I use the call service. Put the liability on them. The only down side is the 48 hr wait time.


----------



## Walt41 (Sep 24, 2012)

Just dial 811 and give them the zip code of the job and property location. Saved many an insurance claim for me over the years. Good idea to meet the flaggers on site if possible because they can give you a depth estimate on close lines.

Not sure what services your area, think yours is *6886


----------



## bcstump (Sep 24, 2012)

bombdude said:


> I use the call service. Put the liability on them. The only down side is the 48 hr wait time.




That's just it. I'm sure if you read the fine print the liability will always fall back to the contractor. That's why I'm thinking i would rather just do it myself.


----------



## BillK (Sep 24, 2012)

Call your insurer and make sure you don't have a very common exclusion on your contractors liability policy called the "XCU exclusion" (Explosion, Collapse & UNDERGROUND hazard) before you start work or you could end up with a liability policy that won't do jack$hit for you too.


----------



## bcstump (Sep 24, 2012)

Interesting point.

Thank you.


----------



## Frank Boyer (Sep 25, 2012)

In CA there is a heavy fine if you do not call and there is a problem. It used to be $50k plus damages. Better to call.


----------



## Tundra Man Mike (Sep 25, 2012)

I have done some stumps without calling 811. Usually at a persons house where you can see the overhead electrical, phone, and cable, the propane tank is located out of the danger area and water lines are waaaay deeper in AK than my grinder can go. Remember that the electrical wired to the pump may not be very deep OR marked by the utility company. I also did a job where stumps needed grinding near a shed. The homeowner said that he had electricity to the shed for his avaition fuel pumps. I made him pull up the wiring before grinding and then I was nice and cut a trench for him to rebury them. Sweet tip and no damage.


----------



## Grouchy old man (Sep 25, 2012)

If you had your own locator would you know how to use it to locate the different utilities? 811 has maps that give them an idea where to look and what for. They can only locate the utilities, they cannot locate other wiring or piping on private property. Lastly, if you don't call them and you damage something it is unlikely your insurance company will cover you regardless of what insurance you have. I believe it's law in every state that you have to call them.


----------



## Stihlasaurus (Sep 25, 2012)

*Use Both*

I bring a metal detector with me on bids to get an idea of what we have under ground. This helps me bid the job. It also helps me figure if we have metal in the stump to deal with. If done properly, it helps you win the bid against someone who maybe is not as careful.
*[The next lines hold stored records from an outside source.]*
(* Let $n$ and $k$ be positive integers with $k\le n$, and let $m$ be a nonnegative integer. Consider an airplane with $n$ seats numbered $1,\dots,n$ and $n$ passengers numbered $1,\dots,n$, passenger $i$ being assigned seat $i$. Passengers board one at a time in the order $1,2,\dots,n$. Passengers $1,\dots,k$ are absent-minded: when it is such a passenger's turn, he chooses a seat uniformly at random among the currently unoccupied seats. Each passenger $i>k$ sits in seat $i$ if it is unoccupied, and otherwise chooses a seat uniformly at random among the currently unoccupied seats. Call a passenger misseated if he does not end up in his assigned seat. Then the probability $P_{n,k}(m)$ that exactly $m$ passengers are misseated is \[ P_{n,k}(m)=\frac{(-1)^m(n-k)!}{n!}\binom{k}{m}+\frac{1}{n!}\sum_{s=1}^{k}\left[{n-k+1 \atop m-s+1}\right]\binom{k}{s}\, s!\sum_{\ell=1}^{s}\frac{(-1)^{s-\ell}\,\ell^{m-s}}{(s-\ell)!}. \]
   Context: Here $\left[{i \atop j}\right]$ denotes the unsigned Stirling number of the first kind (the number of permutations of $i$ elements with exactly $j$ disjoint cycles), with the conventions $\left[{p \atop 0}\right]=0$ and $\left[{p \atop -q}\right]=0$ for positive integers $p,q$. The binomial coefficient $\binom{k}{m}$ is interpreted as $0$ when $m>k$. *)

theory Defs
  imports "HOL-Probability.Probability" "HOL-Combinatorics.Stirling"
begin

text \<open>Boarding process. board n k r S: distribution of the number of misseated
passengers among the last r passengers (passengers n-r+1, ..., n), given that
the set S of seats is already occupied.\<close>
fun board :: "nat \<Rightarrow> nat \<Rightarrow> nat \<Rightarrow> nat set \<Rightarrow> nat pmf" where
  "board n k 0 S = return_pmf 0"
| "board n k (Suc r) S =
     (let i = n - r in
      if i \<le> k \<or> i \<in> S then
        pmf_of_set ({1..n} - S) \<bind>
          (\<lambda>j. map_pmf (\<lambda>c. c + (if j = i then 0 else 1)) (board n k r (insert j S)))
      else board n k r (insert i S))"

definition P :: "nat \<Rightarrow> nat \<Rightarrow> nat \<Rightarrow> real" where
  "P n k m = pmf (board n k n {}) m"

definition stirl :: "nat \<Rightarrow> int \<Rightarrow> nat" where
  "stirl p j = (if j < 0 then 0 else stirling p (nat j))"

end

theory Submission
  imports Defs
begin

text \<open>
  Write M for the number of misseated passengers. When i passengers have boarded and occupy the
  seat set S, and r = n - i passengers remain, r! times the generating function of the misseated
  passengers among the remaining ones is a polynomial in x that depends on S only through the
  numbers of free and of taken seats of the absent-minded passengers still to board, the number
  of taken seats of regular passengers, and a product over the regular seats recording which of
  them are taken. One boarding step, a uniform choice among the free seats or a regular passenger
  taking his own seat, preserves this form, because summing over the regular seats the displaced
  passenger may pick telescopes. For the empty plane this gives
    n! E[x^M] = sum over t <= k of (k choose t) t! x^t (1 - x)^(k - t) (tx + 1)(tx + 2)...(tx + n - k),
  and expanding (1 - x)^(k - t) binomially and the rising factorial by Stirling numbers of the first
  kind yields the coefficients of the theorem.
\<close>

section \<open>Probability generating functions\<close>

definition pgf :: "nat pmf \<Rightarrow> real \<Rightarrow> real" where
  "pgf p x = measure_pmf.expectation p (\<lambda>c. x ^ c)"

lemma pgf_return_pmf [simp]: "pgf (return_pmf c) x = x ^ c"
  by (simp add: pgf_def)

lemma pgf_map_add: "pgf (map_pmf (\<lambda>c. c + e) p) x = x ^ e * pgf p x"
  by (simp add: pgf_def power_add mult.commute)

lemma pgf_bind_pmf_of_set:
  assumes "finite A" "A \<noteq> {}" "\<And>y. y \<in> A \<Longrightarrow> finite (set_pmf (f y))"
  shows "pgf (pmf_of_set A \<bind> f) x = (\<Sum>y\<in>A. pgf (f y) x) / card A"
proof -
  have "pgf (pmf_of_set A \<bind> f) x = (\<Sum>y\<in>A. pgf (f y) x /\<^sub>R card A)"
    unfolding pgf_def by (rule pmf_expectation_bind_pmf_of_set[OF assms(2,1,3)])
  then show ?thesis
    by (simp add: sum_distrib_left divide_inverse_commute)
qed

lemma pgf_eq_sum:
  assumes "set_pmf p \<subseteq> {..N}"
  shows "pgf p x = (\<Sum>m\<le>N. pmf p m * x ^ m)"
proof -
  have "pgf p x = (\<Sum>m\<le>N. x ^ m * pmf p m)"
    unfolding pgf_def by (rule integral_measure_pmf_real) (use assms in auto)
  then show ?thesis
    by (simp add: mult.commute)
qed
theorem corollary1p6:
  shows "\<forall>c1 c2 :: real. c1 > 0 \<longrightarrow> c2 > 0 \<longrightarrow> (\<exists>C :: real. C > 0 \<and>
    (\<forall>(R :: nat ring) z q r A.
       finite_valuation_ring R \<and>
       z \<in> carrier R \<and> maximalideal (PIdl\<^bsub>R\<^esub> z) R \<and>
       q = card (carrier (R Quot (PIdl\<^bsub>R\<^esub> z))) \<and>
       r = (LEAST n::nat. n > 0 \<and> z [^]\<^bsub>R\<^esub> n = \<zero>\<^bsub>R\<^esub>) \<and>
       (\<exists>p k. Factorial_Ring.prime (p::nat) \<and> odd p \<and> k > 0 \<and> q = p ^ k) \<and>
       A \<subseteq> carrier R \<and> real (card A) \<ge> 2 * real q ^ (r - 1)
     \<longrightarrow>
       (let M = real (max (card (ring_sumset R A A))
                          (card (ring_sumset R (ring_squares R A) (ring_squares R A))))
        in
         (real (card A) \<ge> c1 * real q powr (real r - 1/3) \<longrightarrow>
            M \<ge> C * real q powr (real r / 2) * real (card A) powr (1/2)) \<and>
         (c1 * real q powr (real r - 3/8) \<le> real (card A) \<and>
          real (card A) \<le> c2 * real q powr (real r - 1/3) \<longrightarrow>
            M \<ge> C * real (card A) ^ 2 / real q powr ((2 * real r - 1) / 2)) \<and>
         (real (card (ring_sumset R A A)) * real (card A) ^ 2 \<ge> c1 * real q powr (3 * real r - 1) \<and>
          real (card A) \<le> c2 * real q powr (real r - 3/8) \<longrightarrow>
            M \<ge> C * real q powr (real r / 3) * real (card A) powr (2/3)))))"
  apply (intro allI impI exI conjI)
   apply (erule (1) sum_product_constant_bounds(1))
  apply (elim conjE exE)
  by (rule sum_product_bounds; (assumption | metis even_power))

end
(* Assume Hypothesis C. Let $L$ be a labeling and $\pi$ the priority rule keyed to $L$. Let $\tilde q(\cdot,\cdot)$ and $\tilde r(\cdot)$ be the finalized data obtained by running the Triangularizer on every bandit in accord with $L$, and define the $S\times S$ matrix $\tilde Q^{\pi}$ and the vector $\tilde R^{\pi}$ by $\tilde Q^{\pi}(s,t)=\tilde q(s_{\pi(s)},j)$ if $t=s_{\setminus\pi(s)}\cup\{j\}$ for some $j\in N_{\pi(s)}$ and $\tilde Q^{\pi}(s,t)=0$ otherwise, and $\tilde R^{\pi}(s)=\tilde r(s_{\pi(s)})$. Then $I-\tilde Q^{\pi}$ is invertible, and $\tilde V^{\pi}:=(I-\tilde Q^{\pi})^{-1}\tilde R^{\pi}$, the unique solution of $\tilde V^{\pi}=\tilde R^{\pi}+\tilde Q^{\pi}\tilde V^{\pi}$, satisfies $\tilde V^{\pi}=V^{\pi}$.
   Context: There are $K$ bandits with pairwise disjoint finite nonempty state sets $N_1,\dots,N_K$; $N=N_1\cup\dots\cup N_K$; $b(j)$ is the $k$ with $j\in N_k$. Bandit $k$ has real transition rates $q(i,j)$ ($i,j\in N_k$) forming $q^k$ and real rewards $r(i)$ forming $r^k$. A multi-state $s$ contains exactly one state $s_k$ of each $N_k$; $S$ is the set of multi-states; $s_{\setminus k}=s\setminus\{s_k\}$. A stationary nonrandomized policy is a map $\delta:S\to\{1,\dots,K\}$. For such $\delta$, $Q^{\delta}(s,t)=q(s_{\delta(s)},j)$ if $t=s_{\setminus\delta(s)}\cup\{j\}$ with $j\in N_{\delta(s)}$, else $0$; $R^{\delta}(s)=r(s_{\delta(s)})$; $V^{\delta}=(I-Q^{\delta})^{-1}R^{\delta}$. A matrix is transient if its powers tend to $0$ entrywise. Hypothesis C: each $q^k$ is entrywise nonnegative and transient, and at least one of the following holds: (RN) each $q^k$ is substochastic ($\sum_{j\in N_k}q(i,j)\le1$); (RA) $r(i)\le0$ for all $i\in N$; (RS) $r(i)\ge0$ for all $i\in N$. (Under Hypothesis C each $Q^{\delta}$ is transient, so $V^{\delta}$ is well defined.) A labeling is an injective map $L:N\cup\{0\}\to\{1,\dots,|N|+1\}$ with $L(0)=|N|+1$; the priority rule keyed to $L$ is $\pi(s)=\arg\min\{L(s_k):1\le k\le K\}$. Triangularizer for bandit $k$ in accord with $L$: start with the tableau $[(I-q^k),r^k]$ and $M=N_k$; at each stage write the current tableau as $[(I-q),r]$. While $M\neq\emptyset$: let $i\in M$ minimize $L(i)$; multiply row $i$ by $1/[1-q(i,i)]$; for each $j\in M\setminus\{i\}$ replace row $j$ by itself plus $q(j,i)$ (current value) times the updated row $i$; remove $i$ from $M$. The final tableau is written $[(I-\tilde q^k),\tilde r^k]$; its entries are the finalized data $\tilde q(i,j)$, $\tilde r(i)$. *)

theory Defs
  imports Complex_Main
begin

definition idm :: "'b \<Rightarrow> 'b \<Rightarrow> real" where
  "idm s t = (if s = t then 1 else 0)"

definition mmult :: "'b set \<Rightarrow> ('b \<Rightarrow> 'b \<Rightarrow> real) \<Rightarrow> ('b \<Rightarrow> 'b \<Rightarrow> real) \<Rightarrow> 'b \<Rightarrow> 'b \<Rightarrow> real" where
  "mmult S A B = (\<lambda>s t. \<Sum>u\<in>S. A s u * B u t)"

fun mpow :: "'b set \<Rightarrow> ('b \<Rightarrow> 'b \<Rightarrow> real) \<Rightarrow> nat \<Rightarrow> 'b \<Rightarrow> 'b \<Rightarrow> real" where
  "mpow S A 0 = idm"
| "mpow S A (Suc n) = mmult S (mpow S A n) A"

definition transient :: "'b set \<Rightarrow> ('b \<Rightarrow> 'b \<Rightarrow> real) \<Rightarrow> bool" where
  "transient S A = (\<forall>s\<in>S. \<forall>t\<in>S. (\<lambda>n. mpow S A n s t) \<longlonglongrightarrow> 0)"

definition inverse_on :: "'b set \<Rightarrow> ('b \<Rightarrow> 'b \<Rightarrow> real) \<Rightarrow> ('b \<Rightarrow> 'b \<Rightarrow> real) \<Rightarrow> bool" where
  "inverse_on S A B = (\<forall>s\<in>S. \<forall>t\<in>S. mmult S A B s t = idm s t \<and> mmult S B A s t = idm s t)"

definition invertible_on :: "'b set \<Rightarrow> ('b \<Rightarrow> 'b \<Rightarrow> real) \<Rightarrow> bool" where
  "invertible_on S A = (\<exists>B. inverse_on S A B)"

definition minv :: "'b set \<Rightarrow> ('b \<Rightarrow> 'b \<Rightarrow> real) \<Rightarrow> 'b \<Rightarrow> 'b \<Rightarrow> real" where
  "minv S A = (SOME B. inverse_on S A B)"

definition mvmult :: "'b set \<Rightarrow> ('b \<Rightarrow> 'b \<Rightarrow> real) \<Rightarrow> ('b \<Rightarrow> real) \<Rightarrow> 'b \<Rightarrow> real" where
  "mvmult S A v = (\<lambda>s. \<Sum>t\<in>S. A s t * v t)"

definition value_vec :: "'b set \<Rightarrow> ('b \<Rightarrow> 'b \<Rightarrow> real) \<Rightarrow> ('b \<Rightarrow> real) \<Rightarrow> 'b \<Rightarrow> real" where
  "value_vec S Q R = mvmult S (minv S (\<lambda>s t. idm s t - Q s t)) R"

text \<open>Bandits are indexed by \<open>{1..K}\<close>; \<open>Nb k\<close> is the state set of bandit \<open>k\<close>.\<close>

definition Nall :: "nat \<Rightarrow> (nat \<Rightarrow> 'a set) \<Rightarrow> 'a set" where
  "Nall K Nb = (\<Union>k\<in>{1..K}. Nb k)"

definition bof :: "nat \<Rightarrow> (nat \<Rightarrow> 'a set) \<Rightarrow> 'a \<Rightarrow> nat" where
  "bof K Nb j = (THE k. k \<in> {1..K} \<and> j \<in> Nb k)"

definition msts :: "nat \<Rightarrow> (nat \<Rightarrow> 'a set) \<Rightarrow> 'a set set" where
  "msts K Nb = {s. s \<subseteq> Nall K Nb \<and> (\<forall>k\<in>{1..K}. card (s \<inter> Nb k) = 1)}"

definition comp :: "(nat \<Rightarrow> 'a set) \<Rightarrow> 'a set \<Rightarrow> nat \<Rightarrow> 'a" where
  "comp Nb s k = (THE x. x \<in> s \<inter> Nb k)"

definition Qpol :: "(nat \<Rightarrow> 'a set) \<Rightarrow> ('a \<Rightarrow> 'a \<Rightarrow> real) \<Rightarrow> ('a set \<Rightarrow> nat) \<Rightarrow> 'a set \<Rightarrow> 'a set \<Rightarrow> real" where
  "Qpol Nb q \<delta> s t =
     (let k = \<delta> s; x = comp Nb s k in
      if (\<exists>j\<in>Nb k. t = insert j (s - {x}))
      then q x (THE j. j \<in> Nb k \<and> t = insert j (s - {x}))
      else 0)"

definition Rpol :: "(nat \<Rightarrow> 'a set) \<Rightarrow> ('a \<Rightarrow> real) \<Rightarrow> ('a set \<Rightarrow> nat) \<Rightarrow> 'a set \<Rightarrow> real" where
  "Rpol Nb r \<delta> s = r (comp Nb s (\<delta> s))"

definition hypC :: "nat \<Rightarrow> (nat \<Rightarrow> 'a set) \<Rightarrow> ('a \<Rightarrow> 'a \<Rightarrow> real) \<Rightarrow> ('a \<Rightarrow> real) \<Rightarrow> bool" where
  "hypC K Nb q r =
    ((\<forall>k\<in>{1..K}. (\<forall>i\<in>Nb k. \<forall>j\<in>Nb k. 0 \<le> q i j) \<and> transient (Nb k) q) \<and>
     ((\<forall>k\<in>{1..K}. \<forall>i\<in>Nb k. (\<Sum>j\<in>Nb k. q i j) \<le> 1) \<or>
      (\<forall>i\<in>Nall K Nb. r i \<le> 0) \<or>
      (\<forall>i\<in>Nall K Nb. r i \<ge> 0)))"

text \<open>The extra state \<open>0\<close> is represented by \<open>None\<close>, a state \<open>i\<close> by \<open>Some i\<close>.\<close>
definition is_labeling :: "'a set \<Rightarrow> ('a option \<Rightarrow> nat) \<Rightarrow> bool" where
  "is_labeling N L =
    (inj_on L (insert None (Some ` N)) \<and>
     L ` (insert None (Some ` N)) \<subseteq> {1..card N + 1} \<and>
     L None = card N + 1)"

definition prio :: "nat \<Rightarrow> (nat \<Rightarrow> 'a set) \<Rightarrow> ('a option \<Rightarrow> nat) \<Rightarrow> 'a set \<Rightarrow> nat" where
  "prio K Nb L s = (ARG_MIN (\<lambda>k. L (Some (comp Nb s k))) k. k \<in> {1..K})"

text \<open>A tableau \<open>[(I - q), r]\<close> is a pair (matrix part \<open>T = I - q\<close>, last column).
  One stage with pivot \<open>i\<close>, where \<open>M'\<close> is \<open>M - {i}\<close>.\<close>
definition tri_step :: "('a \<Rightarrow> 'a \<Rightarrow> real) \<times> ('a \<Rightarrow> real) \<Rightarrow> 'a \<Rightarrow> 'a set
    \<Rightarrow> ('a \<Rightarrow> 'a \<Rightarrow> real) \<times> ('a \<Rightarrow> real)" where
  "tri_step tab i M' =
    (let T = fst tab; c = snd tab;
         qc = (\<lambda>x y. idm x y - T x y);
         f = 1 / (1 - qc i i);
         rowT = (\<lambda>l. f * T i l);
         rowc = f * c i
     in ((\<lambda>j l. if j = i then rowT l else if j \<in> M' then T j l + qc j i * rowT l else T j l),
         (\<lambda>j. if j = i then rowc else if j \<in> M' then c j + qc j i * rowc else c j)))"

fun tri_loop :: "('a \<Rightarrow> nat) \<Rightarrow> nat \<Rightarrow> 'a set \<Rightarrow> ('a \<Rightarrow> 'a \<Rightarrow> real) \<times> ('a \<Rightarrow> real)
    \<Rightarrow> ('a \<Rightarrow> 'a \<Rightarrow> real) \<times> ('a \<Rightarrow> real)" where
  "tri_loop Lab 0 M tab = tab"
| "tri_loop Lab (Suc n) M tab =
     (if M = {} then tab
      else (let i = (ARG_MIN Lab i. i \<in> M) in tri_loop Lab n (M - {i}) (tri_step tab i (M - {i}))))"

text \<open>Triangularizer for bandit \<open>k\<close> in accord with \<open>L\<close>, started from \<open>[(I - q^k), r^k]\<close>
  with \<open>M = N_k\<close>; the loop runs while \<open>M \<noteq> {}\<close> (exactly \<open>card (N_k)\<close> stages).\<close>
definition triangularizer :: "('a option \<Rightarrow> nat) \<Rightarrow> (nat \<Rightarrow> 'a set) \<Rightarrow> ('a \<Rightarrow> 'a \<Rightarrow> real)
    \<Rightarrow> ('a \<Rightarrow> real) \<Rightarrow> nat \<Rightarrow> ('a \<Rightarrow> 'a \<Rightarrow> real) \<times> ('a \<Rightarrow> real)" where
  "triangularizer L Nb q r k =
     tri_loop (\<lambda>i. L (Some i)) (card (Nb k)) (Nb k) ((\<lambda>i j. idm i j - q i j), r)"

definition qtil :: "nat \<Rightarrow> (nat \<Rightarrow> 'a set) \<Rightarrow> ('a option \<Rightarrow> nat) \<Rightarrow> ('a \<Rightarrow> 'a \<Rightarrow> real)
    \<Rightarrow> ('a \<Rightarrow> real) \<Rightarrow> 'a \<Rightarrow> 'a \<Rightarrow> real" where
  "qtil K Nb L q r i j = idm i j - fst (triangularizer L Nb q r (bof K Nb i)) i j"

definition rtil :: "nat \<Rightarrow> (nat \<Rightarrow> 'a set) \<Rightarrow> ('a option \<Rightarrow> nat) \<Rightarrow> ('a \<Rightarrow> 'a \<Rightarrow> real)
    \<Rightarrow> ('a \<Rightarrow> real) \<Rightarrow> 'a \<Rightarrow> real" where
  "rtil K Nb L q r i = snd (triangularizer L Nb q r (bof K Nb i)) i"

end

theory Submission
  imports Defs "Jordan_Normal_Form.Determinant"
begin

(* The proof has three independent ingredients.
   (1) Finite linear algebra: on a finite index set, I - P is invertible as soon as
       X = P X forces X = 0.  Two sufficient conditions are proved: P only moves to states of
       strictly larger potential (then X = P X is solved "from the top"), or P is nonnegative
       and admits a Lyapunov vector H > 0 with P H < H (then |X| <= c H with minimal c forces
       c = 0).
   (2) The Triangularizer: each stage is an elementary row operation, so every linear
       equation satisfied by the rows of the tableau survives; and, given a Lyapunov vector of
       the transient matrix q^k, every pivot is positive and the final tableau has unit
       diagonal and zeros below the label order.
   (3) Multi-states: a policy moves only the component of its active bandit.  Consequently the
       finalized data make I - Q~^pi invertible (the label sum is a strictly increasing
       potential), a product of per-bandit Lyapunov vectors makes I - Q^pi invertible, and
       V^pi satisfies the finalized equations, because pi keeps the same bandit active at all
       states reached from s by moving its active component to a state of smaller label. *)

section \<open>Finite matrices indexed by a set\<close>

lemma sum_idm: "finite S \<Longrightarrow> s \<in> S \<Longrightarrow> (\<Sum>t\<in>S. idm s t * f t) = f s"
  unfolding idm_def by (subst sum.cong[OF refl, of _ _ "\<lambda>t. if s = t then f t else 0"]) auto

lemma sum_idm_minus:
  "finite S \<Longrightarrow> s \<in> S \<Longrightarrow> (\<Sum>t\<in>S. (idm s t - A s t) * f t) = f s - (\<Sum>t\<in>S. A s t * f t)"
  by (simp add: left_diff_distrib sum_subtractf sum_idm)

lemma mmult_assoc: "mmult S (mmult S A B) C s t = mmult S A (mmult S B C) s t"
  unfolding mmult_def
  by (simp add: sum_distrib_left sum_distrib_right mult.assoc) (rule sum.swap)

lemma mmult_idm_left: "finite S \<Longrightarrow> s \<in> S \<Longrightarrow> mmult S idm A s t = A s t"
  unfolding mmult_def by (simp add: sum_idm)

lemma mmult_idm_right: "finite S \<Longrightarrow> t \<in> S \<Longrightarrow> mmult S A idm s t = A s t"
  unfolding mmult_def idm_def
  by (subst sum.cong[OF refl, of _ _ "\<lambda>u. if u = t then A s u else 0"]) auto

lemma mmult_cong:
  assumes "\<And>u. u \<in> S \<Longrightarrow> A s u = A' s u" "\<And>u. u \<in> S \<Longrightarrow> B u t = B' u t"
  shows "mmult S A B s t = mmult S A' B' s t"
  unfolding mmult_def using assms by (intro sum.cong) auto

text \<open>Powers can also be unfolded on the left; this is what relates \<open>q\<close> times the row
  sums of \<open>q^n\<close> to the row sums of \<open>q^{n+1}\<close>.\<close>
lemma mpow_Suc_left:
  assumes "finite S" "s \<in> S" "t \<in> S"
  shows "mpow S A (Suc n) s t = mmult S A (mpow S A n) s t"
  using assms(2,3)
proof (induction n arbitrary: s t)
  case 0
  then show ?case using assms(1) by (simp add: mmult_idm_left mmult_idm_right)
next
  case (Suc n)
  have "mpow S A (Suc (Suc n)) s t = mmult S (mpow S A (Suc n)) A s t" by simp
  also have "\<dots> = mmult S (mmult S A (mpow S A n)) A s t"
    using Suc by (intro mmult_cong) auto
  also have "\<dots> = mmult S A (mmult S (mpow S A n) A) s t" by (rule mmult_assoc)
  finally show ?case by simp
qed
I am not comfortable with relying only on utility marking because they are sometimes off a foot or two, but call them because that does protect you from fines.


----------



## sgreanbeans (Sep 25, 2012)

Keep in mind that those locators are not always right. Some are dirt bags and guess at it. I was installing 30 trees at a new home. My brother built the place and I graded and sodded the place.Knew where all the utils where. HO's decided they wanted to add a second gas meter for the in law apartment in the basement. I was not there when they installed it and you would think that they would run it right next to the old one. But was not sure, so I had it located. I drilled a 36" hole with my auger and nailed the line................*30ft *away from the locate. Had a smoke in my mouth and a running machine. Some how I managed to get out of there in a hurry and got he machine shut off before the gas hit the intake. _Look up what happens to a diesel engine when it gets hit with natuural gas, bad things._ Long story short, a bunch of fire trucks and half the city public works and gas company out there. Thinking they where going to try and destroy me. I made sure that they seen the locates and the pics I took before I started, and how far away I was, I was not held liable. Good thing as they told me that there was going to be big charges to someone! The locate company was busted. Guy admitted that he just followed the route of the first meter. Didn't even use the little wand thingy. They got nailed with a huge fine, lost the contract for that area and then had to reimburse for the gas and all the emergency peeps.............Freakin Ouch! Gas Co. switched to that yellow hose and ran it, on purpose, away from the old one, why I dunno, but they did. I also would have guessed the same locate, but this is not a guessing game, why I called for another locate. Point to all this, even tho you have it located, take pics of the site before you break ground, C Y A! 
Getting shot in the face with a 2" hose, with a smoke in your mouth, how I didn't ignite that thing, I will always wonder, but believe it had too much pressure. Tasted real bad! In many ways. I would have liked to beat the snot out of that dude, but he was canned and never came back, manager called me and apologized deeply, knowing that it could have killed me and the crew, not too mention blowing up a bad aas house!


----------



## Grouchy old man (Sep 25, 2012)

Good advice. 

There is an ongoing case here where a contrtactor hit a gas line and half a condominium complex was blown up. The guy who owned the company was an illegal and didn't have a good attorney so he pled guilty and was about to be sentenced to some years in jail. Then an investigation found that the locating company screwed up so now he's trying to withdraw his guilty plea. One of the problems was that the locating company didn't mark everything out properly because the condo association #####ed about marking up the streets. And the locating company actually listened to them. I can't make this stuff up.


----------



## Frank Boyer (Sep 25, 2012)

A friend pulled a metal gate post with the winch on his drill rig. It pulled/broke a gas line that was in the concrete around the post. 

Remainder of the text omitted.